» WHAT IS REQUIRED: Go through the entries below and print each one exactly.

(Stored entries)
◇ ◇ ◇ ◇ ◇ ◇ ◇

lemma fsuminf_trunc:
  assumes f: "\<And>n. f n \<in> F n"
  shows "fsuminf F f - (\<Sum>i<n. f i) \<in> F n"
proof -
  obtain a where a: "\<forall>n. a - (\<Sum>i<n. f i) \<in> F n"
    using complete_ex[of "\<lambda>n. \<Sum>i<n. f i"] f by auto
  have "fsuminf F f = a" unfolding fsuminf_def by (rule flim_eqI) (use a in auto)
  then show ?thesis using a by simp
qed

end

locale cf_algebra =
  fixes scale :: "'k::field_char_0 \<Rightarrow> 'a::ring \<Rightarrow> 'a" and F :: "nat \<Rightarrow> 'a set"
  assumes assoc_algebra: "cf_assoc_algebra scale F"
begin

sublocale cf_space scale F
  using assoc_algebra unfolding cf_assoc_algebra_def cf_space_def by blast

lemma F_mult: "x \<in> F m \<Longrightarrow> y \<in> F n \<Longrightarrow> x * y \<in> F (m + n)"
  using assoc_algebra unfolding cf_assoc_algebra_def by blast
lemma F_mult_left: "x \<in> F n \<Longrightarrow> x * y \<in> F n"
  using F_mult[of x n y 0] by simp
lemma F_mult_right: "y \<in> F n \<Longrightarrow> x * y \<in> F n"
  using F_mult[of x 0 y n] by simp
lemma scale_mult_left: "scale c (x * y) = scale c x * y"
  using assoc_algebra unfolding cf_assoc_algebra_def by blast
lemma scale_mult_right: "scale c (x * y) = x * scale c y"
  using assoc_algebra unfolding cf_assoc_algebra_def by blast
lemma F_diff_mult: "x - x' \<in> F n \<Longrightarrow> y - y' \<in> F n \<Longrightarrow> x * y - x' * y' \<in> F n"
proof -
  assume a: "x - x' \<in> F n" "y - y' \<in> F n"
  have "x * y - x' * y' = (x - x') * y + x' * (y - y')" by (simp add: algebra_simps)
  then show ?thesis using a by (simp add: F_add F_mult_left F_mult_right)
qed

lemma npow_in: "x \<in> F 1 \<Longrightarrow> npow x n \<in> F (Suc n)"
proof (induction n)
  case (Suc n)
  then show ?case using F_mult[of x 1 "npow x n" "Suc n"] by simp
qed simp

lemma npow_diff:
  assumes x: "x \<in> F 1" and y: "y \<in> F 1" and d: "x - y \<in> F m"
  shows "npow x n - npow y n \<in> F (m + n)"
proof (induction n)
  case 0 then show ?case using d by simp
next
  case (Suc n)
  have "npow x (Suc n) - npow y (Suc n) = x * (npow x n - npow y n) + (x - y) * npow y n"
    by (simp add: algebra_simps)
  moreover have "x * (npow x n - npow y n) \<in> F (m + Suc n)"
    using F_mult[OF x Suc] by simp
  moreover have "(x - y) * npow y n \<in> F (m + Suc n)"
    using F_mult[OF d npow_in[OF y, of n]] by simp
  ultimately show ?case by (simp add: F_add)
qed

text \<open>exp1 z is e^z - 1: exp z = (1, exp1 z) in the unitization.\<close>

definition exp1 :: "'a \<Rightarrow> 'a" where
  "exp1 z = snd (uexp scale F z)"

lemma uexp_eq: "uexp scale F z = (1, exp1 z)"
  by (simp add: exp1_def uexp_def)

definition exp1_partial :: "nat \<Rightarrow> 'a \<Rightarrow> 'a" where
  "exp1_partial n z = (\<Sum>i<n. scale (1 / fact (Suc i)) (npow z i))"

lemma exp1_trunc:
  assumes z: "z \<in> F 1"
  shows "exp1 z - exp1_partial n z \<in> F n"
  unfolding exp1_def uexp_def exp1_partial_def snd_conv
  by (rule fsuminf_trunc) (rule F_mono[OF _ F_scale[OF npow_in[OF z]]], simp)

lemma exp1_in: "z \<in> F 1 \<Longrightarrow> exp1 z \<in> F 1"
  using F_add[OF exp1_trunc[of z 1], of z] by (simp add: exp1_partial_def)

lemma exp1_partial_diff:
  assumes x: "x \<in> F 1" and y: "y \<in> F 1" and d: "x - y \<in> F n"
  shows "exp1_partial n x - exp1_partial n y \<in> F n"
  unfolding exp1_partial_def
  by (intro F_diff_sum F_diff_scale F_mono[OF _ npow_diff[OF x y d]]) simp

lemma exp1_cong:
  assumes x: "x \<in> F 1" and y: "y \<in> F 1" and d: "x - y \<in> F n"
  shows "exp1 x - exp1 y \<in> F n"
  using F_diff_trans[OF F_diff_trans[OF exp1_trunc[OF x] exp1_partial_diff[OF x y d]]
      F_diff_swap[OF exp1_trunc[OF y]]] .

◇ ◇ ◇ ◇ ◇ ◇ ◇

» SOLUTION:
lemma fsuminf_trunc:
  assumes f: "\<And>n. f n \<in> F n"
  shows "fsuminf F f - (\<Sum>i<n. f i) \<in> F n"
proof -
  obtain a where a: "\<forall>n. a - (\<Sum>i<n. f i) \<in> F n"
    using complete_ex[of "\<lambda>n. \<Sum>i<n. f i"] f by auto
  have "fsuminf F f = a" unfolding fsuminf_def by (rule flim_eqI) (use a in auto)
  then show ?thesis using a by simp
qed

end

locale cf_algebra =
  fixes scale :: "'k::field_char_0 \<Rightarrow> 'a::ring \<Rightarrow> 'a" and F :: "nat \<Rightarrow> 'a set"
  assumes assoc_algebra: "cf_assoc_algebra scale F"
begin

sublocale cf_space scale F
  using assoc_algebra unfolding cf_assoc_algebra_def cf_space_def by blast

lemma F_mult: "x \<in> F m \<Longrightarrow> y \<in> F n \<Longrightarrow> x * y \<in> F (m + n)"
  using assoc_algebra unfolding cf_assoc_algebra_def by blast
lemma F_mult_left: "x \<in> F n \<Longrightarrow> x * y \<in> F n"
  using F_mult[of x n y 0] by simp
lemma F_mult_right: "y \<in> F n \<Longrightarrow> x * y \<in> F n"
  using F_mult[of x 0 y n] by simp
lemma scale_mult_left: "scale c (x * y) = scale c x * y"
  using assoc_algebra unfolding cf_assoc_algebra_def by blast
lemma scale_mult_right: "scale c (x * y) = x * scale c y"
  using assoc_algebra unfolding cf_assoc_algebra_def by blast
lemma F_diff_mult: "x - x' \<in> F n \<Longrightarrow> y - y' \<in> F n \<Longrightarrow> x * y - x' * y' \<in> F n"
proof -
  assume a: "x - x' \<in> F n" "y - y' \<in> F n"
  have "x * y - x' * y' = (x - x') * y + x' * (y - y')" by (simp add: algebra_simps)
  then show ?thesis using a by (simp add: F_add F_mult_left F_mult_right)
qed

lemma npow_in: "x \<in> F 1 \<Longrightarrow> npow x n \<in> F (Suc n)"
proof (induction n)
  case (Suc n)
  then show ?case using F_mult[of x 1 "npow x n" "Suc n"] by simp
qed simp

lemma npow_diff:
  assumes x: "x \<in> F 1" and y: "y \<in> F 1" and d: "x - y \<in> F m"
  shows "npow x n - npow y n \<in> F (m + n)"
proof (induction n)
  case 0 then show ?case using d by simp
next
  case (Suc n)
  have "npow x (Suc n) - npow y (Suc n) = x * (npow x n - npow y n) + (x - y) * npow y n"
    by (simp add: algebra_simps)
  moreover have "x * (npow x n - npow y n) \<in> F (m + Suc n)"
    using F_mult[OF x Suc] by simp
  moreover have "(x - y) * npow y n \<in> F (m + Suc n)"
    using F_mult[OF d npow_in[OF y, of n]] by simp
  ultimately show ?case by (simp add: F_add)
qed

text \<open>exp1 z is e^z - 1: exp z = (1, exp1 z) in the unitization.\<close>

definition exp1 :: "'a \<Rightarrow> 'a" where
  "exp1 z = snd (uexp scale F z)"

lemma uexp_eq: "uexp scale F z = (1, exp1 z)"
  by (simp add: exp1_def uexp_def)

definition exp1_partial :: "nat \<Rightarrow> 'a \<Rightarrow> 'a" where
  "exp1_partial n z = (\<Sum>i<n. scale (1 / fact (Suc i)) (npow z i))"

lemma exp1_trunc:
  assumes z: "z \<in> F 1"
  shows "exp1 z - exp1_partial n z \<in> F n"
  unfolding exp1_def uexp_def exp1_partial_def snd_conv
  by (rule fsuminf_trunc) (rule F_mono[OF _ F_scale[OF npow_in[OF z]]], simp)

lemma exp1_in: "z \<in> F 1 \<Longrightarrow> exp1 z \<in> F 1"
  using F_add[OF exp1_trunc[of z 1], of z] by (simp add: exp1_partial_def)

lemma exp1_partial_diff:
  assumes x: "x \<in> F 1" and y: "y \<in> F 1" and d: "x - y \<in> F n"
  shows "exp1_partial n x - exp1_partial n y \<in> F n"
  unfolding exp1_partial_def
  by (intro F_diff_sum F_diff_scale F_mono[OF _ npow_diff[OF x y d]]) simp

lemma exp1_cong:
  assumes x: "x \<in> F 1" and y: "y \<in> F 1" and d: "x - y \<in> F n"
  shows "exp1 x - exp1 y \<in> F n"
  using F_diff_trans[OF F_diff_trans[OF exp1_trunc[OF x] exp1_partial_diff[OF x y d]]
      F_diff_swap[OF exp1_trunc[OF y]]] .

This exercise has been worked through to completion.